*What to do:* Working from the line that contains "(Suc i)))\<^sup>2 \<le>" down to the last line below, repeat each line exactly.

*Record set:*

"""

lemma opt_seq_kappa_nonneg:
  assumes "opt_seq k ca cc ra rc w rho p ns" "j \<in> {1..k}"
    and w_pos: "\<forall>j\<in>{1..k}. \<forall>x>0. w j x > 0"
    and rho_bd: "\<forall>j\<in>{1..k}. \<forall>x>0. -1 \<le> rho j x \<and> rho j x \<le> 1"
  shows "kappa w rho ns (j - 1) \<ge> 0"
  unfolding kappa_def
proof (rule sum_nonneg)
  fix i assume "i \<in> {..<j - 1}"
  then have "i < k" "Suc i \<in> {1..k}"
    using \<open>j \<in> {1..k}\<close> by auto
  moreover have "ns (Suc i) > 0"
    using opt_seq_minimizer(1)[OF assms(1) \<open>Suc i \<in> {1..k}\<close>] by simp
  ultimately have "\<bar>rho (Suc i) (ns (Suc i))\<bar> \<le> 1"
    using rho_bd by (simp add: abs_le_iff)
  then have "(rho (Suc i) (ns (Suc i)))\<^sup>2 \<le> 1"
    by (simp add: abs_square_le_1)
  then show "0 \<le> wst w ns i * (1 - (rho (Suc i) (ns (Suc i)))\<^sup>2)"
    using opt_seq_wst_pos[OF assms(1) \<open>i < k\<close> w_pos] by simp
qed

"""

*Result for this exercise:*
  then have "(rho (Suc i) (ns (Suc i)))\<^sup>2 \<le> 1"
    by (simp add: abs_square_le_1)
  then show "0 \<le> wst w ns i * (1 - (rho (Suc i) (ns (Suc i)))\<^sup>2)"
    using opt_seq_wst_pos[OF assms(1) \<open>i < k\<close> w_pos] by simp
qed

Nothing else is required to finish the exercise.